Dan & Sandra on the Deschutes River                                                                                                                     September 2022

Our youngest son, Simon, was 10 years old when we started this business and has graduated from (the U of M and) CW Outfitting to faster moving waters! He’s worked as a rafting guide at Deschutes River Adventures in Maupin, Oregon for the past two summers and loved it! We drove out to Oregon at the end of September to visit him and close out the rafting season with him and two of his guide buddies. Ruby worked with Simon at Deschutes River Adventures and Kailyn’s family owns and operates River Trails Rafting in Maupin.

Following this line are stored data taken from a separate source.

lemma card_matchings_with_target_map:
  assumes "finite H" "t \<in> H \<rightarrow>\<^sub>E {..<N}" "in_degree H t = Y"
  shows "card {\<sigma> \<in> matchings H N Y. target_map H \<sigma> = t} = (\<Prod>j<N. fact (Y j))"
proof -
  have Y_support: "\<forall>i. N \<le> i \<longrightarrow> Y i = 0"
    using in_degree_in_degree_sequences[OF assms(1,2)] assms(3) by (simp add: degree_sequences_def)
  have "target_map H \<sigma> = t \<longleftrightarrow> (\<forall>h\<in>H. fst (\<sigma> h) = t h)" for \<sigma>
    using assms(2) by (auto simp: target_map_def fun_eq_iff PiE_iff extensional_def)
  then have "{\<sigma> \<in> matchings H N Y. target_map H \<sigma> = t} =
      {\<sigma> \<in> H \<rightarrow>\<^sub>E half_edges N Y. bij_betw \<sigma> H (half_edges N Y) \<and> (\<forall>h\<in>H. fst (\<sigma> h) = t h)}"
    by (auto simp: matchings_def)
  also have "card \<dots> = (\<Prod>j<N. fact (card {h \<in> H. t h = j}))"
  proof (rule card_fibrewise_bijections)
    show "fst \<in> half_edges N Y \<rightarrow> {..<N}"
      by (auto simp: half_edges_def)
  qed (use assms card_half_edges_at[OF Y_support] in \<open>auto simp: in_degree_def\<close>)
  moreover have "card {h \<in> H. t h = j} = Y j" for j
    using assms(3) by (auto simp: in_degree_def)
  ultimately show ?thesis
    by simp
qed

lemma card_in_degree_fibre:
  assumes "finite H" "Y \<in> degree_sequences N (card H)"
  shows "card {t \<in> H \<rightarrow>\<^sub>E {..<N}. in_degree H t = Y} * (\<Prod>j<N. fact (Y j)) = fact (card H)"
proof -
  let ?T = "{t \<in> H \<rightarrow>\<^sub>E {..<N}. in_degree H t = Y}"
  have "finite ?T"
    using assms(1) by (simp add: finite_PiE)
  have support: "\<forall>i. N \<le> i \<longrightarrow> Y i = 0"
    using assms(2) by (simp add: degree_sequences_def)
  \<comment> \<open>Double counting: sort the matchings by their target maps.\<close>
  have "matchings H N Y = (\<Union>t\<in>?T. {\<sigma> \<in> matchings H N Y. target_map H \<sigma> = t})"
  proof (intro equalityI subsetI)
    fix \<sigma> assume "\<sigma> \<in> matchings H N Y"
    with target_map_matchings[OF this support]
    show "\<sigma> \<in> (\<Union>t\<in>?T. {\<sigma> \<in> matchings H N Y. target_map H \<sigma> = t})"
      by blast
  qed blast
  then have "fact (card H) = card (\<Union>t\<in>?T. {\<sigma> \<in> matchings H N Y. target_map H \<sigma> = t})"
    using card_matchings[OF assms] by simp
  also have "\<dots> = (\<Sum>t\<in>?T. card {\<sigma> \<in> matchings H N Y. target_map H \<sigma> = t})"
    using assms(1) \<open>finite ?T\<close> by (intro card_UN_disjoint) auto
  also have "\<dots> = (\<Sum>t\<in>?T. \<Prod>j<N. fact (Y j))"
    using assms(1) by (intro sum.cong refl card_matchings_with_target_map) auto
  finally show ?thesis
    by simp
qed

lemma multinomial_unif_pmf_eq_in_degree_law:
  assumes "finite H" "N > 0"
  shows "multinomial_unif_pmf (card H) N = map_pmf (in_degree H) (pmf_of_set (H \<rightarrow>\<^sub>E {..<N}))"
    (is "_ = ?p")
proof -
  let ?T = "H \<rightarrow>\<^sub>E {..<N}"
  have T: "finite ?T" "?T \<noteq> {}" "card ?T = N ^ card H"
    using assms by (auto simp: finite_PiE card_PiE PiE_eq_empty_iff)
  have pmf_p: "pmf ?p Y = (if Y \<in> degree_sequences N (card H)
                    then real (fact (card H)) / (\<Prod>i<N. real (fact (Y i))) * (1 / real N) ^ card H
                    else 0)" for Y
  proof (cases "Y \<in> degree_sequences N (card H)")
    case True
    have "pmf ?p Y = real (card {t \<in> ?T. in_degree H t = Y}) / real (card ?T)"
      using T by (simp add: pmf_map measure_pmf_of_set vimage_def Int_def)
    also have "real (card {t \<in> ?T. in_degree H t = Y}) = real (fact (card H)) / (\<Prod>i<N. real (fact (Y i)))"
    proof -
      have "real (card {t \<in> ?T. in_degree H t = Y}) * (\<Prod>i<N. real (fact (Y i))) = real (fact (card H))"
        using arg_cong[OF card_in_degree_fibre[OF assms(1) True], of real] by simp
      moreover have "(\<Prod>i<N. real (fact (Y i))) > 0"
        by (simp add: prod_pos)
      ultimately show ?thesis
        by (simp add: eq_divide_eq)
    qed
    finally show ?thesis
      using True T(3) by (simp add: power_one_over)
  next
    case False
    then have "Y \<notin> set_pmf ?p"
      using T assms(1) in_degree_in_degree_sequences by auto
    then show ?thesis
      using False by (simp add: pmf_eq_0_set_pmf)
  qed
  have "multinomial_unif_pmf (card H) N = embed_pmf (pmf ?p)"
    unfolding multinomial_unif_pmf_def pmf_p degree_sequences_def by simp
  then show ?thesis
    by (simp add: type_definition.Rep_inverse[OF td_pmf_embed_pmf])
qed

lemma map_target_map_uniform_matching:
  assumes "finite H" "Y \<in> degree_sequences N (card H)"
  shows "map_pmf (target_map H) (pmf_of_set (matchings H N Y)) =
         pmf_of_set {t \<in> H \<rightarrow>\<^sub>E {..<N}. in_degree H t = Y}"
proof (rule map_pmf_of_set_equal_fibres)
  have "card {t \<in> H \<rightarrow>\<^sub>E {..<N}. in_degree H t = Y} * (\<Prod>j<N. fact (Y j)) \<noteq> 0"
    using card_in_degree_fibre[OF assms] by simp
  then show "{t \<in> H \<rightarrow>\<^sub>E {..<N}. in_degree H t = Y} \<noteq> {}"
    by (metis card.empty mult_is_0)
  have support: "\<forall>i. N \<le> i \<longrightarrow> Y i = 0"
    using assms(2) by (simp add: degree_sequences_def)
  show "target_map H ` matchings H N Y \<subseteq> {t \<in> H \<rightarrow>\<^sub>E {..<N}. in_degree H t = Y}"
  proof (rule image_subsetI)
    fix \<sigma> assume "\<sigma> \<in> matchings H N Y"
    with target_map_matchings[OF this support]
    show "target_map H \<sigma> \<in> {t \<in> H \<rightarrow>\<^sub>E {..<N}. in_degree H t = Y}"
      by simp
  qed
  show "card {\<sigma> \<in> matchings H N Y. target_map H \<sigma> = t} = (\<Prod>j<N. fact (Y j))"
    if "t \<in> {t \<in> H \<rightarrow>\<^sub>E {..<N}. in_degree H t = Y}" for t
    using that assms(1) by (auto intro: card_matchings_with_target_map)
qed (use assms(1) in auto)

The temp was a fair 70 degrees and the sun was shining as the 14’ raft was loaded on top of Ruby’s Subaru. We headed through town, across the bridge over the Deschutes, and down along the river canyon to leave a car at the take-out, then piled into the Subaru and headed back up the winding river road to the put-in about 5 miles north of Maupin. A couple of us donned splash jackets under our PFD’s and neoprene booties before we pushed off and got the basic River Guide’s safety speech as Simon, Ruby, and Kailyn put on their “guide hats”. A mile down river, Simon navigated us through Class 2 & 3 rapids. We stayed pretty dry paddling through the Wapinitia wave train, went spinning through Tea Cups, and ran sideways through Devils Hole, “accidently” getting wet, of course! Then we got up on the pillow at Boxcar and turned down into another hole, coming out on top! We paddled two miles of lower Class 2’s until we came into town, floating under the bridge at Maupin. About forty minutes of flatwater paddling brought us to Surf City’s Class 2 rapid. After that, we hopped out on a sand bar to get another safety briefing and tuck away sunglasses and hats that we didn’t want to lose to the river before we smashed the Class 4 rapids at Oak Springs!  We hung out in the Champagne Room (eddy) for a bit before we headed downstream past a few fishermen casting from shore and through Class 2 rapids where the White River flows into the Deschutes. We wound down the river as the afternoon shadows stretched over the canyon walls. Simon and Sandra took turns “riding the bull” through Class 2 rapids at Upper Elevator and Lower Elevator as Kailyn took the Guide reins. We welcomed the sunshine as we finished the 13 mile run where the canyon walls open up at Sandy Beach take out. We were fortunate to have Casey, an Imperial Rafting Company driver, graciously agree to trailer our raft back to town, along with their rafting guests that got off the river a few minutes after us. It was a beautiful day rafting the Deschutes with our crew of awesome guides!

We ended the day taking in an awe inspiring sunset at Smith Rock State Park where the Crooked River winds through rock spires in Oregon’s High Desert.